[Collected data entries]
========================================================================

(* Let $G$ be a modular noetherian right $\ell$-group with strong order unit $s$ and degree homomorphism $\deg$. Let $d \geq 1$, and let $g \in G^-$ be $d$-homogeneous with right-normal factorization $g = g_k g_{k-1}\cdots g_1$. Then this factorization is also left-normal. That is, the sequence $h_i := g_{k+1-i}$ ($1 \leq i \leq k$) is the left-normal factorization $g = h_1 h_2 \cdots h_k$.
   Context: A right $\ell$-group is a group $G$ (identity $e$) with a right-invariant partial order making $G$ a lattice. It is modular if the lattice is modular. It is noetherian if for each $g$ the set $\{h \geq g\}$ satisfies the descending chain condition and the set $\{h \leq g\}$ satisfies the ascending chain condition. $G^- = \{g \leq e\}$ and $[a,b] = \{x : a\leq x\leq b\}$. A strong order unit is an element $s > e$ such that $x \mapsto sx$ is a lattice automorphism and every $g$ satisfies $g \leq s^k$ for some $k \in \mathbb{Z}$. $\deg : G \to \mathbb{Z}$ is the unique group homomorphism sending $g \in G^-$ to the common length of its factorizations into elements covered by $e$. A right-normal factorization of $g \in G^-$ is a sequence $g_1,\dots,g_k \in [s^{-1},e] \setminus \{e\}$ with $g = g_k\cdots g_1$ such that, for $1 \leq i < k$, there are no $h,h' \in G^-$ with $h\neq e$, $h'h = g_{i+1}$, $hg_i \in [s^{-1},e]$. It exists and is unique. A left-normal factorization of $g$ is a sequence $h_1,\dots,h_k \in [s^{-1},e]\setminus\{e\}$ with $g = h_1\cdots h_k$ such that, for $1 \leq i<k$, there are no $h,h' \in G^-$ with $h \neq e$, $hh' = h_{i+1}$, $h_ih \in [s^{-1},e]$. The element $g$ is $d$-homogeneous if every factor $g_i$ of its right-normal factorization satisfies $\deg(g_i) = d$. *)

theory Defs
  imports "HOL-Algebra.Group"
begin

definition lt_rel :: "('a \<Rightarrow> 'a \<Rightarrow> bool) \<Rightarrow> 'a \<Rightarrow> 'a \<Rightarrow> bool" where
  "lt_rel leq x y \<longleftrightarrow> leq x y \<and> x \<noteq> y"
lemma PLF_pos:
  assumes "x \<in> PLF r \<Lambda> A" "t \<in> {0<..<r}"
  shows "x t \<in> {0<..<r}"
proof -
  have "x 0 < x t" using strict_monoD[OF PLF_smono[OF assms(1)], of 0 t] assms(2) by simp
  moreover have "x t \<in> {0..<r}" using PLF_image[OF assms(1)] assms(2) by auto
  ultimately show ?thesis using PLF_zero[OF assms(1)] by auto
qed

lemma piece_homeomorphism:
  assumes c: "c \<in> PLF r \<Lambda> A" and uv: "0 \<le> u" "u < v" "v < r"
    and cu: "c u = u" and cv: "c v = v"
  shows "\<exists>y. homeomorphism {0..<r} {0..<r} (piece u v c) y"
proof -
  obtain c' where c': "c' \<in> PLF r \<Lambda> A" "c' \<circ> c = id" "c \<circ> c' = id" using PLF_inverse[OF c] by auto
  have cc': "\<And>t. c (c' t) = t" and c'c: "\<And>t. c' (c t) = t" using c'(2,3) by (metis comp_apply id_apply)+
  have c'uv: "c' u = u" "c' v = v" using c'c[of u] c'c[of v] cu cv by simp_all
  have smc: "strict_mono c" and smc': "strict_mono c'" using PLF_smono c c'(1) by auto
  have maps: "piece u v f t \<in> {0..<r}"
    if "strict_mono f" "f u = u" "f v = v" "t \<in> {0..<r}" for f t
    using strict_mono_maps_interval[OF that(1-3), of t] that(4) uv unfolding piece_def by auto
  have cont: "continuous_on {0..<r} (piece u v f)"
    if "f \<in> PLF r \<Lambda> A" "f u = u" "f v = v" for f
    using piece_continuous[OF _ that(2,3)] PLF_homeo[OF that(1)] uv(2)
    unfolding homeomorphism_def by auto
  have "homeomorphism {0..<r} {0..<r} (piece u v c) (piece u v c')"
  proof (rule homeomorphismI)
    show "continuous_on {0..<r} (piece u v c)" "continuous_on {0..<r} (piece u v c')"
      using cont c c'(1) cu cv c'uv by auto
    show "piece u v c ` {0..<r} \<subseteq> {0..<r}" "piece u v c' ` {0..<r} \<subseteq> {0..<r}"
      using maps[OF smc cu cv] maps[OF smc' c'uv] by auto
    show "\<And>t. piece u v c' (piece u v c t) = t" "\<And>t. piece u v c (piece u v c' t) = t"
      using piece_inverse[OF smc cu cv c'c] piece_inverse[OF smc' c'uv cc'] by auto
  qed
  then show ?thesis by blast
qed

========================================================================

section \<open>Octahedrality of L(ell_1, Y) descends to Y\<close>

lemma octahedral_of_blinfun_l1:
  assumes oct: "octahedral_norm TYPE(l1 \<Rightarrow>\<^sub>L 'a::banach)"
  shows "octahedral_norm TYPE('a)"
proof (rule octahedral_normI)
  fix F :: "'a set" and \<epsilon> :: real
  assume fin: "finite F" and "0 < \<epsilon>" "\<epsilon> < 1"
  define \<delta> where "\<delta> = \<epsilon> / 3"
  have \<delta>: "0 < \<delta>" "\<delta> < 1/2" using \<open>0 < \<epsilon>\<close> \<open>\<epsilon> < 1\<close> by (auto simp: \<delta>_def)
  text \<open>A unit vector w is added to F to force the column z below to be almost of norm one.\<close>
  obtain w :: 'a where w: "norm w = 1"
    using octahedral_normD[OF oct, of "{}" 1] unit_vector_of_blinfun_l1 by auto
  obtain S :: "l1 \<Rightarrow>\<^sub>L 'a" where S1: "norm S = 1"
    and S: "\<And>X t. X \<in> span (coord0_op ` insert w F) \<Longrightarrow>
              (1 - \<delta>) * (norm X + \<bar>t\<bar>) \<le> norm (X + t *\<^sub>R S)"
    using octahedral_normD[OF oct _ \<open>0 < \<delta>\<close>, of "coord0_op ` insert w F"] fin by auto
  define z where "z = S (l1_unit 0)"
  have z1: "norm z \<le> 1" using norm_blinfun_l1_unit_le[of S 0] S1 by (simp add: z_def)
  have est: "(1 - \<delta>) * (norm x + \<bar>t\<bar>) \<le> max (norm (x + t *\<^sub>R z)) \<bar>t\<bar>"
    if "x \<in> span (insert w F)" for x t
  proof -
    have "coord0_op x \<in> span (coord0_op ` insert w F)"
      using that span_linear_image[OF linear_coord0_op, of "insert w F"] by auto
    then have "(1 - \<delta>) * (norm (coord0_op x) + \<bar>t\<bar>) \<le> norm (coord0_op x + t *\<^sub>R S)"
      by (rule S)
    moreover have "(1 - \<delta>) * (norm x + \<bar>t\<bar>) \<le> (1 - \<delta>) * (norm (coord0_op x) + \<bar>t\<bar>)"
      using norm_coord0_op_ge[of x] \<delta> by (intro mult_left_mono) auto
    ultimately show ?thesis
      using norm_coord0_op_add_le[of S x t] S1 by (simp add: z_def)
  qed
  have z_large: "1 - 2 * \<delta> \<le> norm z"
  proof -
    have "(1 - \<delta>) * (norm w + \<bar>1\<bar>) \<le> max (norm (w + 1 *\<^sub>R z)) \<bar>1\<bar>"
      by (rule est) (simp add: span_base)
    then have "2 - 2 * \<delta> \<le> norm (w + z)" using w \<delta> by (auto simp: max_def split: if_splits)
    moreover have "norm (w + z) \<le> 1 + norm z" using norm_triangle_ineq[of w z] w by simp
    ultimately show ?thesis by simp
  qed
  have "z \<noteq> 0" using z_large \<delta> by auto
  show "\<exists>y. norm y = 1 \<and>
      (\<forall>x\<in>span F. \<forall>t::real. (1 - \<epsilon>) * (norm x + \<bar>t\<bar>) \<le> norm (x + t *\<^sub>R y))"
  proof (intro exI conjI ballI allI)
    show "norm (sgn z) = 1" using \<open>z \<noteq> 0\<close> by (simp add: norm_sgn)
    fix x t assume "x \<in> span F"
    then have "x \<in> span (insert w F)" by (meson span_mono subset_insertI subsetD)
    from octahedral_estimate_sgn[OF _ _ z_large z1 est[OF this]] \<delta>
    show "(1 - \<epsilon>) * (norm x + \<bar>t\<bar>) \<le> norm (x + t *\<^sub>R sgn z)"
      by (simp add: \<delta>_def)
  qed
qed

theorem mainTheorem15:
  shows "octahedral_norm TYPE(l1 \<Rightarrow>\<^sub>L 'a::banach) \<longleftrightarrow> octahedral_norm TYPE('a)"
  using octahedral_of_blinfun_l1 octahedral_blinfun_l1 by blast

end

========================================================================

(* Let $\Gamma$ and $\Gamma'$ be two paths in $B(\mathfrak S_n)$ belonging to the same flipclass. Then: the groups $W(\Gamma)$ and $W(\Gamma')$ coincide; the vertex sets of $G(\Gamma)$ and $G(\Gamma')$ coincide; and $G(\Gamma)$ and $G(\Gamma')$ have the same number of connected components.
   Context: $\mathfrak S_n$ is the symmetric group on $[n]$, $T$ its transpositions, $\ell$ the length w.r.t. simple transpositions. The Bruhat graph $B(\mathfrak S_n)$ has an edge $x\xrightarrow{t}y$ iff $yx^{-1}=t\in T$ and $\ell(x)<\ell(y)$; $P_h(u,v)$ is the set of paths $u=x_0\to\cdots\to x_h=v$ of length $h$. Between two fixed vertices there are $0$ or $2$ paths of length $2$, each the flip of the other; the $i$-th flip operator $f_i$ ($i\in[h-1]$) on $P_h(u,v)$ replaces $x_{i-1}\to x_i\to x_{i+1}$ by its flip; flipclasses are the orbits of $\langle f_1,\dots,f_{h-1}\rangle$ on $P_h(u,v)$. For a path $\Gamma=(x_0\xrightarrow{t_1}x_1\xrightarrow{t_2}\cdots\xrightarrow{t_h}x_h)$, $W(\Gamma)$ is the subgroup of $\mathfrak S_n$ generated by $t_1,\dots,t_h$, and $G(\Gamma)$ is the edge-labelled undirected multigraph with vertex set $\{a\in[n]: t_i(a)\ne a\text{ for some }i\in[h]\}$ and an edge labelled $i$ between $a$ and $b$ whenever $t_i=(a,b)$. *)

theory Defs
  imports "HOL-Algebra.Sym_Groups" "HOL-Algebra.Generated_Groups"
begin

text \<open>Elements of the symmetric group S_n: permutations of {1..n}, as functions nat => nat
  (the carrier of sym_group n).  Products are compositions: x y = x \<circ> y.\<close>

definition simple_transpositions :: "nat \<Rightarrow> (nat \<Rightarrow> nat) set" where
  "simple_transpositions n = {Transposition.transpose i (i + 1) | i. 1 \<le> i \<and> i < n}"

========================================================================

- [ACTIVITY]:
Return a word-for-word copy of the lines above from the one holding "(* Let $G$ be" through the one holding "assms(2) by simp", with both of them included and nothing besides.

- [REPLY]:
(* Let $G$ be a modular noetherian right $\ell$-group with strong order unit $s$ and degree homomorphism $\deg$. Let $d \geq 1$, and let $g \in G^-$ be $d$-homogeneous with right-normal factorization $g = g_k g_{k-1}\cdots g_1$. Then this factorization is also left-normal. That is, the sequence $h_i := g_{k+1-i}$ ($1 \leq i \leq k$) is the left-normal factorization $g = h_1 h_2 \cdots h_k$.
   Context: A right $\ell$-group is a group $G$ (identity $e$) with a right-invariant partial order making $G$ a lattice. It is modular if the lattice is modular. It is noetherian if for each $g$ the set $\{h \geq g\}$ satisfies the descending chain condition and the set $\{h \leq g\}$ satisfies the ascending chain condition. $G^- = \{g \leq e\}$ and $[a,b] = \{x : a\leq x\leq b\}$. A strong order unit is an element $s > e$ such that $x \mapsto sx$ is a lattice automorphism and every $g$ satisfies $g \leq s^k$ for some $k \in \mathbb{Z}$. $\deg : G \to \mathbb{Z}$ is the unique group homomorphism sending $g \in G^-$ to the common length of its factorizations into elements covered by $e$. A right-normal factorization of $g \in G^-$ is a sequence $g_1,\dots,g_k \in [s^{-1},e] \setminus \{e\}$ with $g = g_k\cdots g_1$ such that, for $1 \leq i < k$, there are no $h,h' \in G^-$ with $h\neq e$, $h'h = g_{i+1}$, $hg_i \in [s^{-1},e]$. It exists and is unique. A left-normal factorization of $g$ is a sequence $h_1,\dots,h_k \in [s^{-1},e]\setminus\{e\}$ with $g = h_1\cdots h_k$ such that, for $1 \leq i<k$, there are no $h,h' \in G^-$ with $h \neq e$, $hh' = h_{i+1}$, $h_ih \in [s^{-1},e]$. The element $g$ is $d$-homogeneous if every factor $g_i$ of its right-normal factorization satisfies $\deg(g_i) = d$. *)

theory Defs
  imports "HOL-Algebra.Group"
begin

definition lt_rel :: "('a \<Rightarrow> 'a \<Rightarrow> bool) \<Rightarrow> 'a \<Rightarrow> 'a \<Rightarrow> bool" where
  "lt_rel leq x y \<longleftrightarrow> leq x y \<and> x \<noteq> y"
lemma PLF_pos:
  assumes "x \<in> PLF r \<Lambda> A" "t \<in> {0<..<r}"
  shows "x t \<in> {0<..<r}"
proof -
  have "x 0 < x t" using strict_monoD[OF PLF_smono[OF assms(1)], of 0 t] assms(2) by simp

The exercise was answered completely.